Forest plots were used to present the prevalence of post-COVID-19 condition and different manifestations. Circular dendrograms were used to illustrate coexistence of post-COVID-19 condition manifestations. The phenotypes of post-COVID-19 condition were presented using radial plots. The cut-off for defining a phenotype presentation was set at 2% of respondents reporting multiple manifestations. For children, due to a low number of respondents reporting multiple manifestations, all individuals were presented on the plots.
We included all participants with post-COVID-19 condition in the final analysis, without missing data imputation. In order to control for recall bias at 12-month follow-up, we considered post-COVID-19 condition manifestations only amongst those manifestations which were reported at 6-months and satisfied the WHO definition of post-COVID-19 condition. Only patients completing both 6-month and 12-month follow-up were included in this study analysis similarly to previously published large cohort studies .
Multivariable logistic regression analysis was performed separately for adults and children to investigate associations of demographic characteristics and comorbidities at hospital admission with COVID-19 (limited to those variables reported in > 3% of study participants) and severity of COVID-19 with post-COVID-19 condition prevalence at the time of the follow-up interviews. Selection of the variables was the following: “COVID-19 severity” variable as exposure, “post-COVID-19 condition” as an outcome, comorbidities as covariates, gender, and age as effect modifiers. Twelve variables in adults and seven in children were tested as potential risk factors based on data availability and previous research [10, 11, 15,16,17,18]. We included all participants for whom the variables of interest were available in the final analysis, without imputing missing data. Odds ratios were calculated together with 95% CIs.
Two-sided p-values were reported for all statistical tests, a p-value below 0.05 was considered to be statistically significant. Statistical analysis was performed in R version 4.0.2 using libraries dplyr, foreign, forestplot, ograph, and ggraph .
Out of 2509 eligible adults and 849 eligible children with laboratory confirmed COVID-19 discharged between April and August 2020, 1994 (79%) and 832 (98%) had contact information, and of these, 1013 (40% of discharged, 51% of those with contact information) adults and 360 children (42% of discharged, 43% of those with contact information) participated in both follow-up interviews and were included in the final analysis (Fig. 1). The 6-month follow-up interviews were conducted between November 2020 and March 2021 and the 12-month follow-up between April 2021 and August 2021.
Table 1 shows the demographic and clinical characteristics of the study participants. For adults the median time, after hospital discharge, to the 6- and 12-month assessments was 215 days (IQR 196–235) and 383 days (IQR 376–390).

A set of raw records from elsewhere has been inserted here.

lemma multilinear_form_unfold_eq_sum_slices:
  "multilinear_form (card P) (unfold_dims d P) (unfold k d P A) y
     = (\<Sum>c\<in>follower_digits. multilinear_form k (\<lambda>_. d) A (slice_modes (block_lift y) c))"
proof -
  have "multilinear_form (card P) (unfold_dims d P) (unfold k d P A) y
      = (\<Sum>m\<in>unfolded_indices. A (unfold_index m) * (\<Prod>j<card P. block_lift y j (unfold_index m)))"
    unfolding multilinear_form_def unfold_eq by (intro sum.cong) (simp_all add: prod_block_lift_unfold_index)
  also have "\<dots> = (\<Sum>i\<in>tensor_indices k (\<lambda>_. d). A i * (\<Prod>j<card P. block_lift y j i))"
    by (rule sum.reindex_bij_betw[OF bij_betw_unfold_index])
  also have "\<dots> = (\<Sum>i\<in>tensor_indices k (\<lambda>_. d). \<Sum>c\<in>follower_digits.
                      A i * (\<Prod>r<k. slice_modes (block_lift y) c r (i r)))"
    by (intro sum.cong) (simp_all add: sum_prod_slice_modes flip: sum_distrib_left)
  also have "\<dots> = (\<Sum>c\<in>follower_digits. multilinear_form k (\<lambda>_. d) A (slice_modes (block_lift y) c))"
    unfolding multilinear_form_def by (rule sum.swap)
  finally show ?thesis .
qed

lemma sum_slice_norms:
  assumes "unit_modes (card P) (unfold_dims d P) y"
  shows "(\<Sum>c\<in>follower_digits. \<Sum>i\<in>tensor_indices k (\<lambda>_. d).
            \<Prod>r<k. (slice_modes (block_lift y) c r (i r))\<^sup>2) = 1"
proof -
  let ?y2 = "\<lambda>j t. (y j t)\<^sup>2"
  have "(\<Sum>c\<in>follower_digits. \<Sum>i\<in>tensor_indices k (\<lambda>_. d).
            \<Prod>r<k. (slice_modes (block_lift y) c r (i r))\<^sup>2)
      = (\<Sum>i\<in>tensor_indices k (\<lambda>_. d). \<Sum>c\<in>follower_digits.
            \<Prod>r<k. slice_modes (block_lift ?y2) c r (i r))"
    unfolding slice_modes_power2 block_lift_power2 by (rule sum.swap)
  also have "\<dots> = (\<Sum>i\<in>tensor_indices k (\<lambda>_. d). \<Prod>j<card P. block_lift ?y2 j i)"
    by (intro sum.cong) (simp_all add: sum_prod_slice_modes)
  also have "\<dots> = (\<Sum>m\<in>unfolded_indices. \<Prod>j<card P. block_lift ?y2 j (unfold_index m))"
    by (rule sum.reindex_bij_betw[OF bij_betw_unfold_index, symmetric])
  also have "\<dots> = (\<Prod>j<card P. \<Sum>t<unfold_dims d P j. ?y2 j t)"
    using sum_tensor_indices_prod[where g="\<lambda>j t. (y j t)\<^sup>2"]
    by (simp add: prod_block_lift_unfold_index cong: sum.cong)
  also have "\<dots> = 1"
    using assms unfolding unit_modes_def by simp
  finally show ?thesis .
qed

lemma spec_norm_unfold_le:
  assumes "1 \<le> k"
  shows "spec_norm (card P) (unfold_dims d P) (unfold k d P A)
           \<le> spec_norm k (\<lambda>_. d) A * sqrt (d ^ (k - card P))"
proof (rule spec_norm_le)
  fix y assume y: "unit_modes (card P) (unfold_dims d P) y"
  let ?S = "spec_norm k (\<lambda>_. d) A"
  let ?Q = "\<lambda>c. \<Sum>i\<in>tensor_indices k (\<lambda>_. d). \<Prod>r<k. (slice_modes (block_lift y) c r (i r))\<^sup>2"
  have "multilinear_form (card P) (unfold_dims d P) (unfold k d P A) y
      = (\<Sum>c\<in>follower_digits. multilinear_form k (\<lambda>_. d) A (slice_modes (block_lift y) c))"
    by (rule multilinear_form_unfold_eq_sum_slices)
  also have "\<dots> \<le> (\<Sum>c\<in>follower_digits. ?S * sqrt (?Q c))"
    by (intro sum_mono multilinear_form_le_spec_norm_mult_norm)
  also have "\<dots> = ?S * (\<Sum>c\<in>follower_digits. sqrt (?Q c))"
    by (simp add: sum_distrib_left)
  also have "\<dots> \<le> ?S * sqrt (card follower_digits * (\<Sum>c\<in>follower_digits. ?Q c))"
    using spec_norm_nonneg[OF assms, of "\<lambda>_. d" A] one_le_d
    by (intro mult_left_mono sum_sqrt_le_sqrt_card_mult_sum) (auto intro!: sum_nonneg prod_nonneg)
  also have "\<dots> = ?S * sqrt (d ^ (k - card P))"
    by (simp add: sum_slice_norms[OF y] card_follower_digits)
  finally show "multilinear_form (card P) (unfold_dims d P) (unfold k d P A) y \<le> ?S * sqrt (d ^ (k - card P))" .
qed (use one_le_d in \<open>simp add: unfold_dims_def\<close>)

end

lemma finite_partitions: "finite (partitions k l)"
proof (rule finite_subset)
  show "partitions k l \<subseteq> Pow (Pow {0..<k})"
    unfolding partitions_def using partition_onD1 by blast
qed simp

lemma partitions_nonempty:
  assumes "1 \<le> l" "l \<le> k"
  shows "partitions k l \<noteq> {}"
proof -
  define P where "P = insert {l - 1..<k} ((\<lambda>j. {j}) ` {..<l - 1})"
  have "partition_on {0..<k} P"
  proof (rule partition_onI)
    show "\<Union>P = {0..<k}"
      unfolding P_def using assms by auto
    show "disjnt p q" if "p \<in> P" "q \<in> P" "p \<noteq> q" for p q
      using that unfolding P_def disjnt_def by auto
    show "{} \<notin> P"
      unfolding P_def using assms by auto
  qed
  moreover have "{l - 1..<k} \<notin> (\<lambda>j. {j}) ` {..<l - 1}"
  proof
    assume "{l - 1..<k} \<in> (\<lambda>j. {j}) ` {..<l - 1}"
    then obtain j where "j < l - 1" "{l - 1..<k} = {j}"
      by auto
    moreover have "l - 1 \<in> {l - 1..<k}"
      using assms by simp
    ultimately show False
      by simp
  qed
  then have "card P = l"
    unfolding P_def using assms by (simp add: card_image)
  ultimately show ?thesis
    unfolding partitions_def by blast
qed

lemma sqrt_power_eq_powr: "0 < x \<Longrightarrow> sqrt (x ^ n) = x powr (n / 2)"
  by (simp add: powr_half_sqrt[symmetric] powr_realpow[symmetric] powr_powr)

lemma spec_norm_bounds_unfold:
  assumes "P \<in> partitions k l" and "1 \<le> d" and "1 \<le> l" and "l \<le> k"
  shows "spec_norm k (\<lambda>_. d) A \<le> spec_norm l (unfold_dims d P) (unfold k d P A)"
    and "real d powr (- (real k - real l) / 2) * spec_norm l (unfold_dims d P) (unfold k d P A)
           \<le> spec_norm k (\<lambda>_. d) A"
proof -
  interpret tensor_unfolding k P d
    using assms(1,2) by unfold_locales (simp_all add: partitions_def)
  have l: "card P = l"
    using assms(1) by (simp add: partitions_def)
  show "spec_norm k (\<lambda>_. d) A \<le> spec_norm l (unfold_dims d P) (unfold k d P A)"
    using spec_norm_le_spec_norm_unfold l by simp
  have "spec_norm l (unfold_dims d P) (unfold k d P A)
          \<le> spec_norm k (\<lambda>_. d) A * real d powr ((real k - real l) / 2)"
    using spec_norm_unfold_le[of A] assms l by (simp add: sqrt_power_eq_powr of_nat_diff)
  then have "real d powr (- (real k - real l) / 2) * spec_norm l (unfold_dims d P) (unfold k d P A)
      \<le> real d powr (- (real k - real l) / 2) * (spec_norm k (\<lambda>_. d) A * real d powr ((real k - real l) / 2))"
    by (rule mult_left_mono) simp
  also have "\<dots> = spec_norm k (\<lambda>_. d) A"
    using assms(2) by (simp add: mult.left_commute powr_add[symmetric] add_divide_distrib[symmetric])
  finally show "real d powr (- (real k - real l) / 2) * spec_norm l (unfold_dims d P) (unfold k d P A)
           \<le> spec_norm k (\<lambda>_. d) A" .
qed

The median age of adult patients was 56.8 years (IQR 47.0–65.8), and 49% (500/1013) were male. The most common pre-existing comorbidity in adults at admission was hypertension (45%, 458/1013), followed by chronic cardiac disease and excessive weight and obesity (20% each, 198/1013) and type II diabetes (15%, 148/1013). Three percent of patients (27/1013) required non-invasive ventilation, invasive ventilation, or ICU care during hospitalisation.
For children, the median time to the 6-month follow-up was 255 days (IQR 223–270) and to the 12-month follow-up 367 days (IQR 351–379). The median paediatric patient age was 9.5 years (IQR 2.4–14.8), and 48% (174/360) were male. Three percent of children (12/360) required non-invasive ventilation, invasive ventilation, or treatment in the ICU during hospitalisation. The most common comorbidities in children were allergic rhinitis (7%, 26/360) and intestinal problems (7%, 25/360).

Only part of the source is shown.